(PROBLEM TO WORK ON)
Lines that include the string "field" are the ones to copy from the entries below.

(TASK INPUT)
------------------------------------

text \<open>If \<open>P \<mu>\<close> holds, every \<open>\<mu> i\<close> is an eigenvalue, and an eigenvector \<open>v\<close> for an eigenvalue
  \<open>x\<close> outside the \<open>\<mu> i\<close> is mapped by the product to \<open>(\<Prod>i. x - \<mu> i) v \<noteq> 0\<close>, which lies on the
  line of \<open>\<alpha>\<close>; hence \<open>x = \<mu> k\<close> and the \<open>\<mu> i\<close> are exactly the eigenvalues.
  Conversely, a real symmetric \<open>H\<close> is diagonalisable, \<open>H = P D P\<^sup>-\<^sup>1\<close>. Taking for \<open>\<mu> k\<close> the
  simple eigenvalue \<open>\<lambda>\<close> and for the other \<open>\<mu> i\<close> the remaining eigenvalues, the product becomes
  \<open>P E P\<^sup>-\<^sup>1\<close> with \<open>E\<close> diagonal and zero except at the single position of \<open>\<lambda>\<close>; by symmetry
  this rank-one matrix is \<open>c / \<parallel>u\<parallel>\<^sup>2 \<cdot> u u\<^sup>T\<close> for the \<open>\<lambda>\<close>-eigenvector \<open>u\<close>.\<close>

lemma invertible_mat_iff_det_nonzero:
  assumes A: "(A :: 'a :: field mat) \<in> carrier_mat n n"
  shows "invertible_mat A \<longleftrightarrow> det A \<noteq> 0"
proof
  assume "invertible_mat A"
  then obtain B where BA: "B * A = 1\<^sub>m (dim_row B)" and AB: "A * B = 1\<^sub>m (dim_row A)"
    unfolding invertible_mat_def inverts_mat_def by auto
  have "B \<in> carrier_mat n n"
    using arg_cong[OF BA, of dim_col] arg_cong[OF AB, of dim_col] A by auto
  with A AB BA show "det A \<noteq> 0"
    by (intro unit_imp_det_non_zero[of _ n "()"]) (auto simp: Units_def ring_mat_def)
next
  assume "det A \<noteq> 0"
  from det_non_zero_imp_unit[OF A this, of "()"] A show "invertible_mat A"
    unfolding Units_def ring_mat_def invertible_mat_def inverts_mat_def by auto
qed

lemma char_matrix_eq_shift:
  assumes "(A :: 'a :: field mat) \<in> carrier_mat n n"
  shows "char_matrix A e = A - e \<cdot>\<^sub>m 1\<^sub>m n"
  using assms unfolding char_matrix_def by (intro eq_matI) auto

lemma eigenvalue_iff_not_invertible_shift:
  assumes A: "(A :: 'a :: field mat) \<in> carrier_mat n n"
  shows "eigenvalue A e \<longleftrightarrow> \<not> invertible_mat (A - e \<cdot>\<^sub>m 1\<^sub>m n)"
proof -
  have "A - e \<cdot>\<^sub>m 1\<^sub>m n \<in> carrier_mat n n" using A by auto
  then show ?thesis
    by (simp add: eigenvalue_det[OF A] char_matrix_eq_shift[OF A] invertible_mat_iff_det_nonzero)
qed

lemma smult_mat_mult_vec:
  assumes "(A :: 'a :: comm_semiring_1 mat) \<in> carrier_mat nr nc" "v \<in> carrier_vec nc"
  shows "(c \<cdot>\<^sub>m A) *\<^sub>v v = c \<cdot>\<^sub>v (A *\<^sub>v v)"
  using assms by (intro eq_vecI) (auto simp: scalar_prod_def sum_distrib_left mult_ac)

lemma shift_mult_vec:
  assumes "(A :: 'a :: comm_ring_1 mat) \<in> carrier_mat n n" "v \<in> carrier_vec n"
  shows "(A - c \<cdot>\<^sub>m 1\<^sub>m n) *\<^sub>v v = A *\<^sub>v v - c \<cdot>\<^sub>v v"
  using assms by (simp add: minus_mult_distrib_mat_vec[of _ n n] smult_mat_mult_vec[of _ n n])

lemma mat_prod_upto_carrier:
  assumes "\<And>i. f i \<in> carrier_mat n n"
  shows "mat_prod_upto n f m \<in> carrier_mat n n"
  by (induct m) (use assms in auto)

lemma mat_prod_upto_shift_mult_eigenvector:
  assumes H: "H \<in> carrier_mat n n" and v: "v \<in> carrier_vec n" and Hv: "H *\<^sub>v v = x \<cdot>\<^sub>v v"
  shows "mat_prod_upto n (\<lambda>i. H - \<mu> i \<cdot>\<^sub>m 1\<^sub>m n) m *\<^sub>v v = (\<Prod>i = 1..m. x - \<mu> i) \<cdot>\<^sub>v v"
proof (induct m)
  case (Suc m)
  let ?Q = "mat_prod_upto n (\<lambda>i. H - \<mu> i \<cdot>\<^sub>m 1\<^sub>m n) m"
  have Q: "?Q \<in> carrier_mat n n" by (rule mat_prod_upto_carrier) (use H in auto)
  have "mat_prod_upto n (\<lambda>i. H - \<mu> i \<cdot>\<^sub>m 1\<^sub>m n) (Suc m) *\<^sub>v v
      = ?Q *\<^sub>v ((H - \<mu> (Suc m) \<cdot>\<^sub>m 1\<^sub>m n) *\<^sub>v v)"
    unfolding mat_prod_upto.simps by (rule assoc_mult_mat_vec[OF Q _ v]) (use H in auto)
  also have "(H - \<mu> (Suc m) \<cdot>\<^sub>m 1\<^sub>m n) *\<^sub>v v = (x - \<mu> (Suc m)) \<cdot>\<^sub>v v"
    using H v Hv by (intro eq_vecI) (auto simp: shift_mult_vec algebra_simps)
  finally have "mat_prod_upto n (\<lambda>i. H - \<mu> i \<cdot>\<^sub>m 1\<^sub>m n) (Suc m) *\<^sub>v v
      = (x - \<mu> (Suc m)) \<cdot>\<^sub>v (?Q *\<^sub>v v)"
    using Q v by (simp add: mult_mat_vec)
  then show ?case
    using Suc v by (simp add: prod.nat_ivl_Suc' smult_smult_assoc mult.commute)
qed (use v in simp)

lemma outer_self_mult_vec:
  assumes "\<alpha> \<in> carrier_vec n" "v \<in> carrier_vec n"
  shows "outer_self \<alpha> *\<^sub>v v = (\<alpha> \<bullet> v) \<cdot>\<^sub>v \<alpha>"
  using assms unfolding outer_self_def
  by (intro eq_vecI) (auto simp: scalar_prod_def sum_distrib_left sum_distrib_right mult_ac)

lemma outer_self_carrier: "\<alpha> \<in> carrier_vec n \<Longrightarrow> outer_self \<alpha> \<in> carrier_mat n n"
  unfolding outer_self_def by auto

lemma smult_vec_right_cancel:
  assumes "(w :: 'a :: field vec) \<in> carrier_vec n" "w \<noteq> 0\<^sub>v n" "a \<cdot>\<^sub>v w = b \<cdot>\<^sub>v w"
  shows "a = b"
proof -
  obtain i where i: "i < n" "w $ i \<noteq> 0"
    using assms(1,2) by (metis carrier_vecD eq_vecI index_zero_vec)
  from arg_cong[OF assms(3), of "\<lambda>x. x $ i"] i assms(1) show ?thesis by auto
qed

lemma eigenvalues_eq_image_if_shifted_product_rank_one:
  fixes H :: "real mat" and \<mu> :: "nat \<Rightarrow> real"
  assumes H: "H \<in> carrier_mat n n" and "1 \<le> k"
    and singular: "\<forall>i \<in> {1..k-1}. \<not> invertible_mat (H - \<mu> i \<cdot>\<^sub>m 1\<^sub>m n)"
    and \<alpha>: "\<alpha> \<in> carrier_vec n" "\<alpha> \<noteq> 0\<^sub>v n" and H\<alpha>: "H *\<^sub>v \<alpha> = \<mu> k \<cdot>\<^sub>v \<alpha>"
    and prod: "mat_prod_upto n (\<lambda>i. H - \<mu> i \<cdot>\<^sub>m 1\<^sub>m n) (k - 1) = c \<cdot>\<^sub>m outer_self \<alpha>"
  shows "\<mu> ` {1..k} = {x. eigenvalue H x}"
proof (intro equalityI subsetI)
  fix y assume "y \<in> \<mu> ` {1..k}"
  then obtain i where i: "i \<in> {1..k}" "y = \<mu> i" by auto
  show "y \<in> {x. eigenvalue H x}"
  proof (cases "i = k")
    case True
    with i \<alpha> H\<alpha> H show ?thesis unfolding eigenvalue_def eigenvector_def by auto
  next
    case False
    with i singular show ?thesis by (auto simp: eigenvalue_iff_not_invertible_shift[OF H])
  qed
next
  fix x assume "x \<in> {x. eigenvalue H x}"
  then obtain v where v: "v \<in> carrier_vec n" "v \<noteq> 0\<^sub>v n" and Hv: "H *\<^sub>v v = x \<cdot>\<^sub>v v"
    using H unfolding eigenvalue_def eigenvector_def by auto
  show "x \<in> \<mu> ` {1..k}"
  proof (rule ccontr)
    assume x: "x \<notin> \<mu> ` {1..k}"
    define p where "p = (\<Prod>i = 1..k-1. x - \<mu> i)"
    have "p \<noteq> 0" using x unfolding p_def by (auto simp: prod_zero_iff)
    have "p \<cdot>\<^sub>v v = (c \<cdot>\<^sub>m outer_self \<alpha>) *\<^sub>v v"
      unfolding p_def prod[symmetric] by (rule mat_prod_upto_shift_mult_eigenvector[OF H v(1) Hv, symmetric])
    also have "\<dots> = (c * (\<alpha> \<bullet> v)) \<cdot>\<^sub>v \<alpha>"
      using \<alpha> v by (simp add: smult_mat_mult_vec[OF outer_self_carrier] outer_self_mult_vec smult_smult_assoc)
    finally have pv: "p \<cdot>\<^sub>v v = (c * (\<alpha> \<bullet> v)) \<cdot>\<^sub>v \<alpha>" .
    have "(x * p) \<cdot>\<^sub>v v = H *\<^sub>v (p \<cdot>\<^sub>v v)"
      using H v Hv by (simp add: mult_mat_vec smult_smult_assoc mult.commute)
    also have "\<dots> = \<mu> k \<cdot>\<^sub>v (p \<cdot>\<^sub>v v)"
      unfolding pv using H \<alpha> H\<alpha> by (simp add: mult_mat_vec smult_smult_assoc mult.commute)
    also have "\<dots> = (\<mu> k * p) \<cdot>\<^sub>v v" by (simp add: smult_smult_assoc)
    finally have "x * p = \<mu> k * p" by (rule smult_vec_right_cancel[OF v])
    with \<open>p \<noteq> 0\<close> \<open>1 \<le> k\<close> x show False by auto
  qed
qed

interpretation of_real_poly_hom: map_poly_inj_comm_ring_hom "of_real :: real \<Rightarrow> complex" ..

------------------------------------

(SOLUTION)
  assumes A: "(A :: 'a :: field mat) \<in> carrier_mat n n"
  assumes "(A :: 'a :: field mat) \<in> carrier_mat n n"
  assumes A: "(A :: 'a :: field mat) \<in> carrier_mat n n"
  assumes "(w :: 'a :: field vec) \<in> carrier_vec n" "w \<noteq> 0\<^sub>v n" "a \<cdot>\<^sub>v w = b \<cdot>\<^sub>v w"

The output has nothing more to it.